Евсей Цейтлин - Долгие беседы в ожидании счастливой смерти
По сути, й давно пришел к выводу: прогресс — иллюзия; «ни Моисеево «не убий!», ни христово «возлюби» не сделали людей добрее. Двадцатое столетие, самое кровавое в истории, убедило нас: слова и пример не помогают». Последняя цитата взята мной уже из его пьесы.
____________________________
Где-то читал, что поэта Николая Гумилева потрясли слова из Библии: «Люди — это боги». Человек богоподобен? й трактует этот тезис как наше право вмешаться в творчество Создателя. Улучшить, переделать людскую природу. А, может быть, начать все сначала.
_____________________________
1 февраля 94 г. Сюжет пьесы связан именно с этим безумным стремлением героя… Впрочем, причем тут пьеса! Ведь тем же озабочен — и совсем не умозрительно — сидящий передо мной восьмидесятилетний старик.
Пьеса, действительно, автобиографична. Когда мы за ужином обсуждаем ее главную идею, аргументы «против» приводит уже не жена Сакаласа (так в пьесе) — доктор Шейна Сидерайте:
— В организме человека всегда существует равновесие. Невозможно что-то просто «отбросить». Иногда врачи специально угнетают одну из иммунных систем больного, это удается с трудом. Организм протестует! Также сосуществуют в мире добро и зло. Уничтожьте зло, что же такое тогда добро?
Порой, говоря о пьесе, она, по-моему, продолжает свой старый спор с й:
— …Ты считаешь: можно что-то «подправить» в человеке. Я отвечу тебе словами Моэма (помнишь его книгу «Подводя итоги»?): легче построить новый дом, чем научить человека высморкаться не так, как он привык.

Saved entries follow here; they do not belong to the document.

(* Let $A\in\mathbb{R}^{m\times n}$, $b\in\mathbb{R}^m$, $f(x)=\frac12\|Ax-b\|^2$, and let $x^k,x^{k-1}\in\mathbb{R}^n$ with $\nabla f(x^k)\neq 0$ and $x^k\neq x^{k-1}$. Let $g=\nabla f(x^k)/\|\nabla f(x^k)\|$, $d=(x^k-x^{k-1})/\|x^k-x^{k-1}\|$, $\epsilon=g^td$, and assume $\epsilon^2<1$. Let $S_{11}=g^tA^tAg$, $S_{12}=g^tA^tAd$, $S_{22}=d^tA^tAd$, $\eta_1=1-\epsilon^2$, $\eta_2=-S_{11}-S_{22}+2\epsilon S_{12}$, $\eta_3=S_{11}S_{22}-S_{12}^2$, $$\sigma=\frac{-\eta_2+\sqrt{\eta_2^2-4\eta_1\eta_3}}{2\eta_1},$$ let $(\tau,\rho)$ be the solution of $$\begin{pmatrix}1&\epsilon\\ \epsilon&1\end{pmatrix}\begin{pmatrix}\tau\\ \rho\end{pmatrix}=\begin{pmatrix}\sqrt{\sigma-S_{11}}\\ \sqrt{\sigma-S_{22}}\,\mathrm{sgn}(\epsilon\sigma-S_{12})\end{pmatrix},$$ and $u=\tau g+\rho d$. Then $H=\sigma\mathbf I-uu^t\succeq 0$.
   Context: $\|\cdot\|$ denotes the Euclidean norm; $\mathrm{sgn}$ is the sign function; $\mathbf I$ is the identity; $\succeq 0$ means positive semidefinite. Under these assumptions $\eta_2^2-4\eta_1\eta_3\ge 0$ and $\sigma\ge S_{11},S_{22}$, so all quantities are real. *)

theory Defs
  imports "HOL-Analysis.Analysis"
begin

definition lsq :: "real^'n^'m \<Rightarrow> real^'m \<Rightarrow> real^'n \<Rightarrow> real" where
  "lsq A b x = (1/2) * (norm (A *v x - b))^2"

definition lsq_grad :: "real^'n^'m \<Rightarrow> real^'m \<Rightarrow> real^'n \<Rightarrow> real^'n" where
  "lsq_grad A b x = transpose A *v (A *v x - b)"

definition psd :: "real^'n^'n \<Rightarrow> bool" where
  "psd H \<longleftrightarrow> (\<forall>v. v \<bullet> (H *v v) \<ge> 0)"

definition outer :: "real^'n \<Rightarrow> real^'n \<Rightarrow> real^'n^'n" where
  "outer u w = (\<chi> i j. u $ i * w $ j)"

end

theory Submission
  imports Defs "HOL-Library.Quadratic_Discriminant"
begin

text \<open>
  \<open>\<eta>1 s\<^sup>2 + \<eta>2 s + \<eta>3 = (s - S11) (s - S22) - (\<epsilon> s - S12)\<^sup>2\<close> is nonpositive at \<open>S11\<close>
  and \<open>S22\<close>, so its larger root \<open>\<sigma>\<close> satisfies \<open>\<sigma> \<ge> S11, S22\<close>. The linear system makes
  \<open>u \<bullet> g = \<surd>(\<sigma> - S11)\<close> and \<open>u \<bullet> d = \<plusminus>\<surd>(\<sigma> - S22)\<close> with \<open>(u \<bullet> g) (u \<bullet> d) = \<epsilon> \<sigma> - S12\<close>.
  For any \<open>v\<close>, its projection \<open>p = \<alpha> g + \<beta> d\<close> onto the plane of \<open>g, d\<close> satisfies
  \<open>u \<bullet> v = u \<bullet> p\<close> and \<open>\<parallel>p\<parallel> \<le> \<parallel>v\<parallel>\<close>, and expanding gives
  \<open>\<sigma> \<parallel>p\<parallel>\<^sup>2 - (u \<bullet> p)\<^sup>2 \<ge> \<parallel>A p\<parallel>\<^sup>2 \<ge> 0\<close>.
\<close>

lemma quadratic_nonpos_imp_le_larger_root:
  fixes a b c s :: real
  assumes "a > 0" and "a * s^2 + b * s + c \<le> 0"
  shows "discrim a b c \<ge> 0" and "s \<le> (- b + sqrt (discrim a b c)) / (2 * a)"
proof -
  have "(2 * a * s + b)^2 - discrim a b c = 4 * a * (a * s^2 + b * s + c)"
    by (simp add: discrim_def power2_eq_square algebra_simps)
  also have "\<dots> \<le> 0" using assms by (simp add: mult_nonneg_nonpos)
  finally have sq_le: "(2 * a * s + b)^2 \<le> discrim a b c" by simp
  then show "discrim a b c \<ge> 0" by (meson order_trans zero_le_power2)
  from sq_le have "\<bar>2 * a * s + b\<bar> \<le> sqrt (discrim a b c)"
    using real_sqrt_le_mono by fastforce
  then show "s \<le> (- b + sqrt (discrim a b c)) / (2 * a)"
    using \<open>a > 0\<close> by (simp add: field_simps)
qed

lemma inner_transpose_mult_self:
  fixes A :: "real^'n^'m"
  shows "x \<bullet> ((transpose A ** A) *v y) = (A *v x) \<bullet> (A *v y)"
  by (metis dot_lmul_matrix matrix_vector_mul_assoc vector_transpose_matrix)

lemma outer_mult_vector: "outer u w *v v = (w \<bullet> v) *\<^sub>R (u::real^'n)"
  by (simp add: vec_eq_iff outer_def matrix_vector_mult_def inner_vec_def sum_distrib_left
      algebra_simps)

lemma psd_scaled_id_minus_outer_iff:
  "psd (s *\<^sub>R mat 1 - outer u u) \<longleftrightarrow> (\<forall>v::real^'n. (u \<bullet> v)^2 \<le> s * (v \<bullet> v))"
proof -
  have "(s *\<^sub>R mat 1 - outer u u) *v v = s *\<^sub>R v - (u \<bullet> v) *\<^sub>R u" for v :: "real^'n"
    by (simp add: matrix_vector_mult_diff_rdistrib outer_mult_vector
        scaleR_matrix_vector_assoc[symmetric])
  then show ?thesis
    by (simp add: psd_def inner_diff_right power2_eq_square inner_commute)
qed

lemma gram_quadratic_form_nonneg:
  fixes x y :: "'a::real_inner"
  shows "0 \<le> \<alpha>^2 * (x \<bullet> x) + 2 * \<alpha> * \<beta> * (x \<bullet> y) + \<beta>^2 * (y \<bullet> y)"
  using inner_ge_zero[of "\<alpha> *\<^sub>R x + \<beta> *\<^sub>R y"]
  by (simp add: inner_add_left inner_add_right inner_commute[of y x] power2_eq_square
      algebra_simps)

lemma exists_span2_same_inner:
  fixes g d v :: "'a::real_inner"
  assumes "(g \<bullet> g) * (d \<bullet> d) - (g \<bullet> d)^2 \<noteq> 0"
  obtains \<alpha> \<beta> where "(\<alpha> *\<^sub>R g + \<beta> *\<^sub>R d) \<bullet> g = v \<bullet> g"
    and "(\<alpha> *\<^sub>R g + \<beta> *\<^sub>R d) \<bullet> d = v \<bullet> d"
proof
  define D where "D = (g \<bullet> g) * (d \<bullet> d) - (g \<bullet> d)^2"
  define \<alpha> where "\<alpha> = ((v \<bullet> g) * (d \<bullet> d) - (v \<bullet> d) * (g \<bullet> d)) / D"
  define \<beta> where "\<beta> = ((v \<bullet> d) * (g \<bullet> g) - (v \<bullet> g) * (g \<bullet> d)) / D"
  have "D \<noteq> 0" using assms by (simp add: D_def)
  have "\<alpha> * (g \<bullet> g) + \<beta> * (g \<bullet> d) = (v \<bullet> g) * D / D"
    "\<alpha> * (g \<bullet> d) + \<beta> * (d \<bullet> d) = (v \<bullet> d) * D / D"
    unfolding \<alpha>_def \<beta>_def D_def by (simp_all add: add_divide_distrib[symmetric] power2_eq_square
        algebra_simps)
  then have "\<alpha> * (g \<bullet> g) + \<beta> * (g \<bullet> d) = v \<bullet> g" "\<alpha> * (g \<bullet> d) + \<beta> * (d \<bullet> d) = v \<bullet> d"
    using \<open>D \<noteq> 0\<close> by simp_all
  then show "(\<alpha> *\<^sub>R g + \<beta> *\<^sub>R d) \<bullet> g = v \<bullet> g" "(\<alpha> *\<^sub>R g + \<beta> *\<^sub>R d) \<bullet> d = v \<bullet> d"
    by (simp_all add: inner_add_left inner_commute[of d g])
qed

lemma inner_sq_le_of_plane_domination:
  fixes g d u v :: "'a::real_inner"
  assumes gram: "(g \<bullet> g) * (d \<bullet> d) - (g \<bullet> d)^2 \<noteq> 0"
    and u: "u = \<tau> *\<^sub>R g + \<rho> *\<^sub>R d"
    and "0 \<le> \<sigma>"
    and ug: "(u \<bullet> g)^2 = \<sigma> * (g \<bullet> g) - S11"
    and ugd: "(u \<bullet> g) * (u \<bullet> d) = \<sigma> * (g \<bullet> d) - S12"
    and ud: "(u \<bullet> d)^2 \<le> \<sigma> * (d \<bullet> d) - S22"
    and form: "\<And>\<alpha> \<beta>. 0 \<le> \<alpha>^2 * S11 + 2 * \<alpha> * \<beta> * S12 + \<beta>^2 * S22"
  shows "(u \<bullet> v)^2 \<le> \<sigma> * (v \<bullet> v)"
proof -
  obtain \<alpha> \<beta> where pg: "(\<alpha> *\<^sub>R g + \<beta> *\<^sub>R d) \<bullet> g = v \<bullet> g"
    and pd: "(\<alpha> *\<^sub>R g + \<beta> *\<^sub>R d) \<bullet> d = v \<bullet> d"
    using exists_span2_same_inner[OF gram] .
  define p where "p = \<alpha> *\<^sub>R g + \<beta> *\<^sub>R d"
  have u_inner: "u \<bullet> x = \<tau> * (x \<bullet> g) + \<rho> * (x \<bullet> d)" for x
    by (simp add: u inner_add_left inner_commute[of g x] inner_commute[of d x])
  have "u \<bullet> v = u \<bullet> p"
    using pg pd by (simp add: u_inner p_def)
  have "v \<bullet> p = \<alpha> * (v \<bullet> g) + \<beta> * (v \<bullet> d)"
    by (simp add: p_def inner_add_right)
  also have "\<dots> = p \<bullet> p"
    using pg pd by (simp add: p_def[symmetric]) (simp add: p_def inner_add_right)
  finally have "v \<bullet> p = p \<bullet> p" .
  then have "0 \<le> v \<bullet> v - p \<bullet> p"
    using inner_ge_zero[of "v - p"] by (simp add: inner_diff_left inner_diff_right inner_commute)
  then have "\<sigma> * (p \<bullet> p) \<le> \<sigma> * (v \<bullet> v)"
    using \<open>0 \<le> \<sigma>\<close> by (simp add: mult_left_mono)
  have "\<sigma> * (p \<bullet> p) - (u \<bullet> p)^2
      = \<alpha>^2 * (\<sigma> * (g \<bullet> g) - (u \<bullet> g)^2) + 2 * \<alpha> * \<beta> * (\<sigma> * (g \<bullet> d) - (u \<bullet> g) * (u \<bullet> d))
        + \<beta>^2 * (\<sigma> * (d \<bullet> d) - (u \<bullet> d)^2)"
    by (simp add: p_def inner_add_left inner_add_right inner_commute[of d g]
        power2_eq_square algebra_simps)
  also have "\<dots> \<ge> \<alpha>^2 * S11 + 2 * \<alpha> * \<beta> * S12 + \<beta>^2 * S22"
    using ug ugd ud by (simp add: mult_left_mono)
  finally have "(u \<bullet> p)^2 \<le> \<sigma> * (p \<bullet> p)"
    using form[of \<alpha> \<beta>] by linarith
  with \<open>u \<bullet> v = u \<bullet> p\<close> \<open>\<sigma> * (p \<bullet> p) \<le> \<sigma> * (v \<bullet> v)\<close> show ?thesis
    by simp
qed

lemma secular_larger_root:
  fixes \<epsilon> S11 S12 S22 \<eta>1 \<eta>2 \<eta>3 \<sigma> :: real
  assumes "\<epsilon>^2 < 1"
    and h1: "\<eta>1 = 1 - \<epsilon>^2"
    and h2: "\<eta>2 = - S11 - S22 + 2 * \<epsilon> * S12"
    and h3: "\<eta>3 = S11 * S22 - S12^2"
    and hsig: "\<sigma> = (- \<eta>2 + sqrt (\<eta>2^2 - 4 * \<eta>1 * \<eta>3)) / (2 * \<eta>1)"
  shows "S11 \<le> \<sigma>" and "S22 \<le> \<sigma>" and "(\<sigma> - S11) * (\<sigma> - S22) = (\<epsilon> * \<sigma> - S12)^2"
proof -
  have secular: "\<eta>1 * s^2 + \<eta>2 * s + \<eta>3 = (s - S11) * (s - S22) - (\<epsilon> * s - S12)^2" for s
    by (simp add: h1 h2 h3 power2_eq_square algebra_simps)
  have "\<eta>1 > 0" using \<open>\<epsilon>^2 < 1\<close> h1 by simp
  have \<sigma>: "\<sigma> = (- \<eta>2 + sqrt (discrim \<eta>1 \<eta>2 \<eta>3)) / (2 * \<eta>1)"
    using hsig by (simp add: discrim_def)
  have S11_nonpos: "\<eta>1 * S11^2 + \<eta>2 * S11 + \<eta>3 \<le> 0"
    and S22_nonpos: "\<eta>1 * S22^2 + \<eta>2 * S22 + \<eta>3 \<le> 0"
    by (simp_all add: secular)
  show "S11 \<le> \<sigma>" "S22 \<le> \<sigma>"
    using quadratic_nonpos_imp_le_larger_root(2)[OF \<open>\<eta>1 > 0\<close>] S11_nonpos S22_nonpos \<sigma>
    by simp_all
  have "\<eta>1 * \<sigma>^2 + \<eta>2 * \<sigma> + \<eta>3 = 0"
    using discriminant_nonneg[of \<eta>1 \<eta>2 \<eta>3 \<sigma>] \<open>\<eta>1 > 0\<close> \<sigma>
      quadratic_nonpos_imp_le_larger_root(1)[OF \<open>\<eta>1 > 0\<close> S11_nonpos] by simp
  then show "(\<sigma> - S11) * (\<sigma> - S22) = (\<epsilon> * \<sigma> - S12)^2"
    by (simp add: secular)
qed

theorem claim3:
  fixes A :: "real^'n^'m" and b :: "real^'m" and xk xk1 :: "real^'n"
    and g d :: "real^'n" and \<epsilon> S11 S12 S22 \<eta>1 \<eta>2 \<eta>3 \<sigma> \<tau> \<rho> :: real and u :: "real^'n"
  assumes hgrad: "lsq_grad A b xk \<noteq> 0"
    and hdiff: "xk \<noteq> xk1"
    and hg: "g = lsq_grad A b xk /\<^sub>R norm (lsq_grad A b xk)"
    and hd: "d = (xk - xk1) /\<^sub>R norm (xk - xk1)"
    and heps: "\<epsilon> = g \<bullet> d"
    and heps1: "\<epsilon>^2 < 1"
    and hS11: "S11 = g \<bullet> ((transpose A ** A) *v g)"
    and hS12: "S12 = g \<bullet> ((transpose A ** A) *v d)"
    and hS22: "S22 = d \<bullet> ((transpose A ** A) *v d)"
    and h1: "\<eta>1 = 1 - \<epsilon>^2"
    and h2: "\<eta>2 = - S11 - S22 + 2 * \<epsilon> * S12"
    and h3: "\<eta>3 = S11 * S22 - S12^2"
    and hsig: "\<sigma> = (- \<eta>2 + sqrt (\<eta>2^2 - 4 * \<eta>1 * \<eta>3)) / (2 * \<eta>1)"
    and hsys1: "\<tau> + \<epsilon> * \<rho> = sqrt (\<sigma> - S11)"
    and hsys2: "\<epsilon> * \<tau> + \<rho> = sqrt (\<sigma> - S22) * sgn (\<epsilon> * \<sigma> - S12)"
    and hu: "u = \<tau> *\<^sub>R g + \<rho> *\<^sub>R d"
  shows "psd (\<sigma> *\<^sub>R mat 1 - outer u u)"
proof -
  have "norm g = 1" and "norm d = 1"
    using hgrad hg hdiff hd by simp_all
  then have gg: "g \<bullet> g = 1" and dd: "d \<bullet> d = 1"
    by (simp_all add: dot_square_norm)
  have S: "S11 = (A *v g) \<bullet> (A *v g)" "S12 = (A *v g) \<bullet> (A *v d)" "S22 = (A *v d) \<bullet> (A *v d)"
    using hS11 hS12 hS22 by (simp_all add: inner_transpose_mult_self)
  have form: "0 \<le> \<alpha>^2 * S11 + 2 * \<alpha> * \<beta> * S12 + \<beta>^2 * S22" for \<alpha> \<beta>
    unfolding S by (rule gram_quadratic_form_nonneg)
  note \<sigma> = secular_larger_root[OF heps1 h1 h2 h3 hsig]
  have "u \<bullet> g = \<tau> + \<epsilon> * \<rho>" and "u \<bullet> d = \<epsilon> * \<tau> + \<rho>"
    using gg dd by (simp_all add: hu heps inner_add_left inner_commute[of d g] mult.commute)
  then have ug: "u \<bullet> g = sqrt (\<sigma> - S11)" and ud: "u \<bullet> d = sqrt (\<sigma> - S22) * sgn (\<epsilon> * \<sigma> - S12)"
    using hsys1 hsys2 by simp_all
  have "(u \<bullet> g) * (u \<bullet> d) = \<bar>\<epsilon> * \<sigma> - S12\<bar> * sgn (\<epsilon> * \<sigma> - S12)"
    using \<sigma>(3) by (simp add: ug ud real_sqrt_mult[symmetric])
  then have ugd: "(u \<bullet> g) * (u \<bullet> d) = \<sigma> * (g \<bullet> d) - S12"
    by (simp add: abs_mult_sgn heps mult.commute)
  have gram: "(g \<bullet> g) * (d \<bullet> d) - (g \<bullet> d)^2 \<noteq> 0"
    using gg dd heps heps1 by simp
  have ug2: "(u \<bullet> g)^2 = \<sigma> * (g \<bullet> g) - S11"
    using \<sigma>(1) gg by (simp add: ug)
  have ud2: "(u \<bullet> d)^2 \<le> \<sigma> * (d \<bullet> d) - S22"
    using \<sigma>(2) dd by (simp add: ud power_mult_distrib sgn_if)
  have "0 \<le> \<sigma>" using \<sigma>(1) S(1) by (meson inner_ge_zero order_trans)
  then show ?thesis
    unfolding psd_scaled_id_minus_outer_iff
    using inner_sq_le_of_plane_domination[OF gram hu _ ug2 ugd ud2 form] by blast
qed

end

___________________________
Работая над пьесой, й оживлен — как никогда еще в дни нашего знакомства. Не перечисляю сейчас: прочитанные им научные труды, встречи — с физиками, генетиками, философами. (Некоторые становятся завсегдатаями в доме й, к другим он идет сам — например, к президенту Академии наук Литвы Ю.Пожеле)… И вот наконец-то й может вложить в уста своего героя слова: «…У меня уже накопились доказательства: в агрессивном узле, где, по утверждению большинства ученых, заложены и его творческие потенции, — этих потенций нет. Ген агрессивности… несет только разрушительное, истребляющее начало. А положительная, творческая мощь человека связана совсем с другим геном».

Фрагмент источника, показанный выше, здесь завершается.